Quando a navalha viu o reflexo do sol em si mesma, ficou surpresa e encantada. A lâmina de aço lançava uma luz tão brilhante que, subitamente, com excessivo orgulho, a navalha disse a si mesma:
- E eu vou voltar para aquela loja de onde acabei de fugir? E claro que não! os deuses não podem querer que uma beleza tal como a minha seja desonrada desta maneira, seria loucura ficar aqui cortando as barbas ensaboadas daqueles camponeses, repetindo sem cessar a mesma tarefa mecânica!

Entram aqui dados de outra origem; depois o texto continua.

(* For any deterministic MDP with effective planning window $W$, there is an RL algorithm (which may depend on $W$) whose sample complexity on this MDP is at most $T^2A^W$.
   Context: Deterministic finite-horizon MDP $\mathcal M=(\mathcal S,\mathcal A,T,s_1,f,R)$: finite states, actions with $A=|\mathcal A|$, start state $s_1$, transitions $s_{t+1}=f(s_t,a_t)$, rewards $R(s_t,a_t)$, steps $t\in[T]$, no discounting; a policy is optimal if it maximizes $J(\pi)=\mathbb E_\pi[\sum_{t=1}^TR(s_t,a_t)]$. An RL algorithm knows $\mathcal A$ and $T$, interacts only by running episodes from $s_1$ (observing states and rewards), each episode counting $T$ timesteps; its sample complexity is the least $n$ such that its output after $n$ timesteps is optimal with probability at least $1/2$. Q-value iteration: $Q'=\mathrm{QVI}(Q)$ with $Q'_t(s,a)=R(s,a)+\max_{a'}Q_{t+1}(f(s,a),a')$ for $t<T$, $Q'_T(s,a)=R(s,a)$; $\Pi(Q)$ is the set of deterministic policies with $\pi_t(s)\in\arg\max_aQ_t(s,a)$ for all $s,t$. Define $Q^1_t(s,a)=R(s,a)$ for all $t$ and $Q^i=\mathrm{QVI}(Q^{i-1})$ for $i=2,\dots,T$. The effective planning window $W$ is the least $W\in[T]$ such that every policy in $\Pi(Q^W)$ is optimal. *)

theory Defs
  imports "HOL-Probability.Probability"
begin

text \<open>The action set is the (finite, nonempty) type 'a, so A = CARD('a).
  States live in a type 's; the MDP's state space is a finite subset of it.\<close>

record ('s, 'a) mdp =
  states :: "'s set"
  start  :: 's
  trans  :: "'s \<Rightarrow> 'a \<Rightarrow> 's"
  rew    :: "'s \<Rightarrow> 'a \<Rightarrow> real"

definition wf_mdp :: "('s, 'a) mdp \<Rightarrow> bool" where
  "wf_mdp M \<longleftrightarrow> finite (states M) \<and> start M \<in> states M \<and>
     (\<forall>s\<in>states M. \<forall>a. trans M s a \<in> states M)"

text \<open>Deterministic (time-dependent, Markov) policies: pi t s, with t in {1..T}.\<close>
type_synonym ('s, 'a) policy = "nat \<Rightarrow> 's \<Rightarrow> 'a"

text \<open>pstate M pi n is the state at timestep n+1 when following pi from the start state.\<close>
primrec pstate :: "('s, 'a) mdp \<Rightarrow> ('s, 'a) policy \<Rightarrow> nat \<Rightarrow> 's" where
  "pstate M \<pi> 0 = start M"
| "pstate M \<pi> (Suc n) = trans M (pstate M \<pi> n) (\<pi> (Suc n) (pstate M \<pi> n))"

definition J :: "('s, 'a) mdp \<Rightarrow> nat \<Rightarrow> ('s, 'a) policy \<Rightarrow> real" where
  "J M T \<pi> = (\<Sum>t\<in>{1..T}. rew M (pstate M \<pi> (t - 1)) (\<pi> t (pstate M \<pi> (t - 1))))"

definition optimal :: "('s, 'a) mdp \<Rightarrow> nat \<Rightarrow> ('s, 'a) policy \<Rightarrow> bool" where
  "optimal M T \<pi> \<longleftrightarrow> (\<forall>\<pi>'. J M T \<pi>' \<le> J M T \<pi>)"

type_synonym ('s, 'a) qfun = "nat \<Rightarrow> 's \<Rightarrow> 'a \<Rightarrow> real"

definition QVI :: "('s, 'a::finite) mdp \<Rightarrow> nat \<Rightarrow> ('s, 'a) qfun \<Rightarrow> ('s, 'a) qfun" where
  "QVI M T Q = (\<lambda>t s a. if t < T
      then rew M s a + Max (range (\<lambda>a'. Q (Suc t) (trans M s a) a'))
      else rew M s a)"

definition Q1 :: "('s, 'a) mdp \<Rightarrow> ('s, 'a) qfun" where
  "Q1 M = (\<lambda>t s a. rew M s a)"

text \<open>Qiter M T i = Q^i, i.e. Q^1 followed by (i-1) applications of QVI.\<close>
definition Qiter :: "('s, 'a::finite) mdp \<Rightarrow> nat \<Rightarrow> nat \<Rightarrow> ('s, 'a) qfun" where
  "Qiter M T i = (QVI M T ^^ (i - 1)) (Q1 M)"

definition greedy_policies :: "('s, 'a) mdp \<Rightarrow> nat \<Rightarrow> ('s, 'a) qfun \<Rightarrow> ('s, 'a) policy set" where
  "greedy_policies M T Q =
     {\<pi>. \<forall>t\<in>{1..T}. \<forall>s\<in>states M. \<forall>a. Q t s a \<le> Q t s (\<pi> t s)}"

definition window_ok :: "('s, 'a::finite) mdp \<Rightarrow> nat \<Rightarrow> nat \<Rightarrow> bool" where
  "window_ok M T W \<longleftrightarrow> (\<forall>\<pi>\<in>greedy_policies M T (Qiter M T W). optimal M T \<pi>)"

definition is_eff_window :: "('s, 'a::finite) mdp \<Rightarrow> nat \<Rightarrow> nat \<Rightarrow> bool" where
  "is_eff_window M T W \<longleftrightarrow> W \<in> {1..T} \<and> window_ok M T W \<and>
     (\<forall>W'\<in>{1..T}. W' < W \<longrightarrow> \<not> window_ok M T W')"

type_synonym ('s, 'a) episode = "('s \<times> 'a \<times> real) list"

record ('s, 'a) det_alg =
  next_action :: "('s, 'a) episode list \<Rightarrow> ('s, 'a) episode \<Rightarrow> 's \<Rightarrow> 'a"
  out_policy :: "('s, 'a) episode list \<Rightarrow> ('s, 'a) policy"
lemma kernel_perturbation:
  fixes A :: "'a \<Rightarrow> nat \<Rightarrow> nat \<Rightarrow> real"
  assumes p: "p < n" and vp: "v p \<noteq> 0"
    and conv: "\<And>i j. i < n \<Longrightarrow> j < n \<Longrightarrow> ((\<lambda>y. A y i j) \<longlongrightarrow> A0 i j) F"
    and kernel: "\<And>i. i < n \<Longrightarrow> mulvf n A0 v i = 0"
    and bordered: "detf n (replace_colf A0 p r) \<noteq> 0"
  shows "\<forall>\<^sub>F y in F. detf n (A y) = 0 \<longrightarrow>
    (\<exists>z. (\<forall>i<n. mulvf n (A y) z i = 0) \<and>
         (\<forall>x. (\<forall>i<n. mulvf n (A y) x i = 0) \<longrightarrow> (\<forall>i<n. x i = x p * z i)) \<and>
         (\<forall>i<n. v i \<noteq> 0 \<longrightarrow> z i \<noteq> 0))"
proof -
  let ?B = "\<lambda>M. replace_colf M p r"
  let ?C = "\<lambda>M i. replace_colf (?B M) i (\<lambda>k. - M k p)"
  have ev_B: "\<forall>\<^sub>F y in F. detf n (?B (A y)) \<noteq> 0"
  proof (rule tendsto_imp_eventually_ne[OF tendsto_detf bordered])
    fix k j assume "k < n" "j < n"
    then show "((\<lambda>y. ?B (A y) k j) \<longlongrightarrow> ?B A0 k j) F"
      by (cases "j = p") (simp_all add: replace_colf_def conv)
  qed
  have C_ne: "\<forall>\<^sub>F y in F. detf n (?C (A y) i) \<noteq> 0" if i: "i < n" "i \<noteq> p" "v i \<noteq> 0" for i
  proof (rule tendsto_imp_eventually_ne[OF tendsto_detf])
    fix k j assume "k < n" "j < n"
    then show "((\<lambda>y. ?C (A y) i k j) \<longlongrightarrow> ?C A0 i k j) F"
      using p by (cases "j = i"; cases "j = p") (simp_all add: replace_colf_def conv tendsto_minus)
  next
    have "\<forall>k<n. mulvf n A0 (\<lambda>j. 1 / v p * v j) k = 0" unfolding mulvf_scale using kernel by simp
    then have "detf n (?C A0 i) = v i / v p * detf n (?B A0)"
      using cramer_kernel_detf[OF p i(1,2)] vp by simp
    then show "detf n (?C A0 i) \<noteq> 0" using i vp bordered by simp
  qed
  have ev_C: "\<forall>\<^sub>F y in F. \<forall>i\<in>{..<n}. i \<noteq> p \<and> v i \<noteq> 0 \<longrightarrow> detf n (?C (A y) i) \<noteq> 0"
  proof (rule eventually_ball_finite[OF finite_lessThan], rule ballI)
    fix i assume "i \<in> {..<n}"
    show "\<forall>\<^sub>F y in F. i \<noteq> p \<and> v i \<noteq> 0 \<longrightarrow> detf n (?C (A y) i) \<noteq> 0"
    proof (cases "i \<noteq> p \<and> v i \<noteq> 0")
      case True
      with \<open>i \<in> {..<n}\<close> have "\<forall>\<^sub>F y in F. detf n (?C (A y) i) \<noteq> 0" by (intro C_ne) auto
      then show ?thesis by (rule eventually_mono) simp
    qed auto
  qed
  from ev_B ev_C show ?thesis
  proof eventually_elim
    case (elim y)
    show ?case
    proof
      assume "detf n (A y) = 0"
      moreover have "\<And>i. i < n \<Longrightarrow> i \<noteq> p \<Longrightarrow> v i \<noteq> 0 \<Longrightarrow> detf n (?C (A y) i) \<noteq> 0"
        using elim(2) by blast
      ultimately show "\<exists>z. (\<forall>i<n. mulvf n (A y) z i = 0) \<and>
          (\<forall>x. (\<forall>i<n. mulvf n (A y) x i = 0) \<longrightarrow> (\<forall>i<n. x i = x p * z i)) \<and>
          (\<forall>i<n. v i \<noteq> 0 \<longrightarrow> z i \<noteq> 0)"
        by (rule kernel_of_bordered_detf[OF p _ elim(1)])
    qed
  qed
qed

Será que minha beleza foi realmente feita para um trabalho desses? Certamente não! Vou esconder-me num local secreto e passar o resto da vida em paz.
E em seguida foi procurar um esconderijo onde ninguém a visse.
Passaram-se meses, um dia a navalha teve vontade de respirar ar fresco. Saiu cautelosamente de seu refúgio e olhou para si mesma.
Ai, que acontecera? A lâmina estava horrorosa, parecendo uma serra enferrujada e não refletia mais a luz do sol.
        A navalha ficou muito arrependida pelo que havia feito, e lamentou amargamente a irreparável perda, dizendo: - Oh, como teria sido melhor se eu tivesse conservado em forma a minha linda lâmina, cortando barbas ensaboadas! Minha superfície teria permanecido brilhante e minha borda afiada! Agora aqui estou eu, toda corroída e coberta de uma horrível ferrugem! E não há nada a fazer!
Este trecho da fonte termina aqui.